American politician John Quincy Adams served as President of the United States (1825–1829) and United States Secretary of State (1817–1825). Prior to being president, he had served as United States Senator from Massachusetts (1803–1808) and had diplomatic experience as United States Minister to United Kingdom (1815–1817), Russia (1809–1814), Prussia (1797–1801) and the Netherlands (1794–1797). After losing the 1828 presidential election, he served as a member of the U.S. House of Representatives from Massachusetts for 17 years. He is the only American president to be elected to the House of Representatives after leaving office.

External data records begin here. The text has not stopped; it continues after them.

lemma portion_min_less_max:
  assumes "admissible p"
  shows "portion_min p < portion_max p"
proof -
  have l: "portion_min p \<in> K" "fst p < portion_min p" "portion_min p < snd p"
    using portion_min_max(1)[OF assms] by (auto simp: portion_def)
  define r where "r = min (portion_min p - fst p) (snd p - portion_min p)"
  have "r > 0" using l by (simp add: r_def)
  then obtain y where y: "y \<in> K" "y \<noteq> portion_min p" "dist y (portion_min p) < r"
    using perfect[OF l(1)] unfolding islimpt_approachable by blast
  then have "y \<in> portion p" by (auto simp: portion_def r_def dist_real_def)
  then have "portion_min p \<le> y" "y \<le> portion_max p" using portion_min_max(3)[OF assms] by auto
  then show ?thesis using y(2) by simp
qed

lemma cut_point_props:
  assumes "admissible p"
  shows "portion_min p + (portion_max p - portion_min p) / 3 < cut_point p"
    and "cut_point p < portion_max p - (portion_max p - portion_min p) / 3" and "cut_point p \<notin> K"
proof -
  let ?a = "portion_min p + (portion_max p - portion_min p) / 3"
  let ?b = "portion_max p - (portion_max p - portion_min p) / 3"
  have "?a < ?b" using portion_min_less_max[OF assms] by (simp add: field_simps)
  moreover have "\<not> {?a<..<?b} \<subseteq> K"
    using nowhere_dense interior_maximal[of "{?a<..<?b}" K] \<open>?a < ?b\<close> by auto
  then have "\<exists>c. ?a < c \<and> c < ?b \<and> c \<notin> K" by auto
  then have "?a < cut_point p \<and> cut_point p < ?b \<and> cut_point p \<notin> K"
    unfolding cut_point_def by (rule someI_ex)
  then show "?a < cut_point p" "cut_point p < ?b" "cut_point p \<notin> K" by auto
qed
lemma (in vec_space) full_row_rank_row_nonzero:
  assumes A: "A \<in> carrier_mat n nc" and r: "rank A = n" and i: "i < n"
  obtains l where "l < nc" "A $$ (i, l) \<noteq> 0"
proof (rule ccontr)
  assume "\<not> thesis"
  with that have zero_row: "\<And>l. l < nc \<Longrightarrow> A $$ (i, l) = 0" by blast
  obtain T where T: "maximal T (\<lambda>T. T \<subseteq> set (cols A) \<and> lin_indpt T)"
    by (rule maximal_lin_indpt_cols_exists)
  have TA: "T \<subseteq> set (cols A)" and li: "lin_indpt T" using T unfolding maximal_def by blast+
  have T_carrier: "T \<subseteq> carrier_vec n" using TA cols_dim A by blast
  have "basis T"
    using dim_li_is_basis[OF fin_dim li_le_dim(1)[OF fin_dim T_carrier li] T_carrier li]
      rank_card_indpt[OF A T] r dim_is_n by simp
  then have "unit_vec n i \<in> span T" using i unfolding basis_def by simp
  then obtain a U where U: "unit_vec n i = lincomb a U" "finite U" "U \<subseteq> T"
    unfolding span_def by blast
  \<comment> \<open>Every column of A, hence every combination of them, vanishes in coordinate i.\<close>
  have "lincomb a U $ i = (\<Sum>x\<in>U. a x * x $ i)"
    using lincomb_index[OF i] U T_carrier by blast
  also have "\<dots> = 0"
  proof (rule sum.neutral, intro ballI)
    fix x assume "x \<in> U"
    then have "x \<in> set (cols A)" using U(3) TA by blast
    then obtain l where "l < nc" "x = col A l"
      using A by (metis cols_length cols_nth carrier_matD(2) in_set_conv_nth)
    then show "a x * x $ i = 0" using zero_row A i by simp
  qed
  finally show False using U(1) i by (metis index_unit_vec(1) zero_neq_one)
qed

lemma full_row_rank_row_sq_norm_pos:
  fixes A :: "real mat"
  assumes A: "A \<in> carrier_mat n nc" and r: "vec_space.rank n A = n" and i: "i < n"
  shows "0 < (\<Sum>l<nc. (A $$ (i, l))\<^sup>2)"
proof -
  obtain l where l: "l < nc" "A $$ (i, l) \<noteq> 0" by (rule vec_space.full_row_rank_row_nonzero[OF A r i])
  then have "0 < (A $$ (i, l))\<^sup>2" by simp
  also have "\<dots> \<le> (\<Sum>l<nc. (A $$ (i, l))\<^sup>2)" using l by (intro member_le_sum) auto
  finally show ?thesis .
qed

lemma penrose_mult_left_unique:
  assumes B: "penrose A B" and C: "penrose A C"
  shows "A * B = A * C"
proof -
  define r c where "r = dim_row A" and "c = dim_col A"
  have A: "A \<in> carrier_mat r c" unfolding r_def c_def by auto
  have Bc: "B \<in> carrier_mat c r" and Cc: "C \<in> carrier_mat c r"
    using B C unfolding penrose_def r_def c_def by auto
  have ACc: "A * C \<in> carrier_mat r r" using A Cc by simp
  have "A * B = B\<^sup>T * A\<^sup>T"
    using B transpose_mult[OF A Bc] unfolding penrose_def by metis
  also have "A\<^sup>T = (A * C * A)\<^sup>T" using C unfolding penrose_def by simp
  also have "\<dots> = A\<^sup>T * (A * C)" using transpose_mult[OF ACc A] C unfolding penrose_def by simp
  also have "B\<^sup>T * (A\<^sup>T * (A * C)) = (B\<^sup>T * A\<^sup>T) * (A * C)"
    using A Bc ACc by (intro assoc_mult_mat[symmetric]) auto
  also have "B\<^sup>T * A\<^sup>T = A * B"
    using B transpose_mult[OF A Bc] unfolding penrose_def by metis
  also have "A * B * (A * C) = A * B * A * C"
    using A Bc Cc by (intro assoc_mult_mat[symmetric]) auto
  also have "\<dots> = A * C" using B unfolding penrose_def by simp
  finally show ?thesis .
qed

lemma penrose_mult_right_unique:
  assumes B: "penrose A B" and C: "penrose A C"
  shows "B * A = C * A"
proof -
  define r c where "r = dim_row A" and "c = dim_col A"
  have A: "A \<in> carrier_mat r c" unfolding r_def c_def by auto
  have Bc: "B \<in> carrier_mat c r" and Cc: "C \<in> carrier_mat c r"
    using B C unfolding penrose_def r_def c_def by auto
  have CAc: "C * A \<in> carrier_mat c c" using A Cc by simp
  have "B * A = A\<^sup>T * B\<^sup>T"
    using B transpose_mult[OF Bc A] unfolding penrose_def by metis
  also have "A\<^sup>T = (A * (C * A))\<^sup>T" using C assoc_mult_mat[OF A Cc A] unfolding penrose_def by simp
  also have "\<dots> = C * A * A\<^sup>T" using transpose_mult[OF A CAc] C unfolding penrose_def by simp
  also have "C * A * A\<^sup>T * B\<^sup>T = (C * A) * (A\<^sup>T * B\<^sup>T)"
    using A Bc CAc by (intro assoc_mult_mat) auto
  also have "A\<^sup>T * B\<^sup>T = B * A"
    using B transpose_mult[OF Bc A] unfolding penrose_def by metis
  also have "C * A * (B * A) = C * (A * B * A)"
    using A Bc Cc by (metis assoc_mult_mat mult_carrier_mat)
  also have "\<dots> = C * A" using B unfolding penrose_def by simp
  finally show ?thesis .
qed

lemma penrose_unique:
  assumes B: "penrose A B" and C: "penrose A C"
  shows "B = C"
proof -
  have A: "A \<in> carrier_mat (dim_row A) (dim_col A)" by auto
  have Bc: "B \<in> carrier_mat (dim_col A) (dim_row A)" and Cc: "C \<in> carrier_mat (dim_col A) (dim_row A)"
    using B C unfolding penrose_def by auto
  have "B = B * A * B" using B unfolding penrose_def by simp
  also have "\<dots> = B * A * C"
    using penrose_mult_left_unique[OF B C] A Bc Cc by (metis assoc_mult_mat)
  also have "\<dots> = C * A * C" using penrose_mult_right_unique[OF B C] by simp
  also have "\<dots> = C" using C unfolding penrose_def by simp
  finally show ?thesis .
qed

lemma pinv_eqI: "penrose A B \<Longrightarrow> pinv A = B"
  unfolding pinv_def using penrose_unique by blast

lemma pinv_gram_right_inverse:
  fixes A E :: "real mat"
  assumes A: "A \<in> carrier_mat r c" and E: "E \<in> carrier_mat r r"
    and inv: "A * A\<^sup>T * E = 1\<^sub>m r" and sym: "E\<^sup>T = E"
  shows "pinv A = A\<^sup>T * E"
proof (rule pinv_eqI)
  have At: "A\<^sup>T \<in> carrier_mat c r" using A by simp
  have AtE: "A\<^sup>T * E \<in> carrier_mat c r" using At E by simp
  have right_inv: "A * (A\<^sup>T * E) = 1\<^sub>m r" using inv assoc_mult_mat[OF A At E] by simp
  have "A\<^sup>T * E * A * (A\<^sup>T * E) = A\<^sup>T * E * (A * (A\<^sup>T * E))"
    using assoc_mult_mat[OF AtE A AtE] .
  also have "\<dots> = A\<^sup>T * E" using right_inv right_mult_one_mat[OF AtE] by simp
  finally have reflexive: "A\<^sup>T * E * A * (A\<^sup>T * E) = A\<^sup>T * E" .
  have "(A\<^sup>T * E * A)\<^sup>T = A\<^sup>T * (E\<^sup>T * A)"
    using transpose_mult[OF AtE A] transpose_mult[OF At E] by simp
  also have "\<dots> = A\<^sup>T * E * A" using sym assoc_mult_mat[OF At E A] by simp
  finally have symmetric: "(A\<^sup>T * E * A)\<^sup>T = A\<^sup>T * E * A" .
  show "penrose A (A\<^sup>T * E)"
    unfolding penrose_def using right_inv reflexive symmetric AtE A by simp
qed

lemma pinv_gram_right_inverse_sq_norm:
  fixes A E :: "real mat"
  assumes A: "A \<in> carrier_mat r c" and E: "E \<in> carrier_mat r r"
    and inv: "A * A\<^sup>T * E = 1\<^sub>m r" and sym: "E\<^sup>T = E" and x: "x \<in> carrier_vec r"
  shows "(pinv A *\<^sub>v x) \<bullet> (pinv A *\<^sub>v x) = (E *\<^sub>v x) \<bullet> x"
proof -
  have At: "A\<^sup>T \<in> carrier_mat c r" using A by simp
  define y where "y = E *\<^sub>v x"
  have y: "y \<in> carrier_vec r" using E x y_def by simp
  have z: "A\<^sup>T *\<^sub>v y \<in> carrier_vec c" using At y by simp
  have pinv_x: "pinv A *\<^sub>v x = A\<^sup>T *\<^sub>v y"
    unfolding pinv_gram_right_inverse[OF A E inv sym] y_def using At E x by simp
  have "A *\<^sub>v (A\<^sup>T *\<^sub>v y) = (A * (A\<^sup>T * E)) *\<^sub>v x"
    using assoc_mult_mat_vec[OF A _ x, of "A\<^sup>T * E"] assoc_mult_mat_vec[OF At E x] At E y_def by simp
  also have "\<dots> = x" using inv assoc_mult_mat[OF A At E] x by simp
  finally have "A *\<^sub>v (A\<^sup>T *\<^sub>v y) = x" .
  then show ?thesis
    unfolding pinv_x using transpose_vec_mult_scalar[OF A z y] comm_scalar_prod[OF y x] y_def by simp
qed

lemma transpose_mat_diag [simp]: "(mat_diag n f)\<^sup>T = mat_diag n f"
  unfolding mat_diag_def by (rule eq_matI) auto

lemma mat_diag_mult_inverse:
  assumes "\<And>i. i < n \<Longrightarrow> f i \<noteq> (0 :: 'a :: field)"
  shows "mat_diag n f * mat_diag n (\<lambda>i. 1 / f i) = 1\<^sub>m n"
  using assms unfolding mat_diag_diag by (intro eq_matI) (auto simp: mat_diag_def)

== Early political career ==

John Quincy Adams was appointed as United States Minister to the Netherlands and ambassador to the Netherlands by George Washington. He was also appointed as ambassador to Prussia by his father, John Adams. He was elected to the Massachusetts Senate in 1802. He ran for election for the United States House of Representatives from the Suffolk district, but narrowly lost the election. Soon, he resigned from the Massachusetts Senate on his election to the United States Senate from Massachusetts.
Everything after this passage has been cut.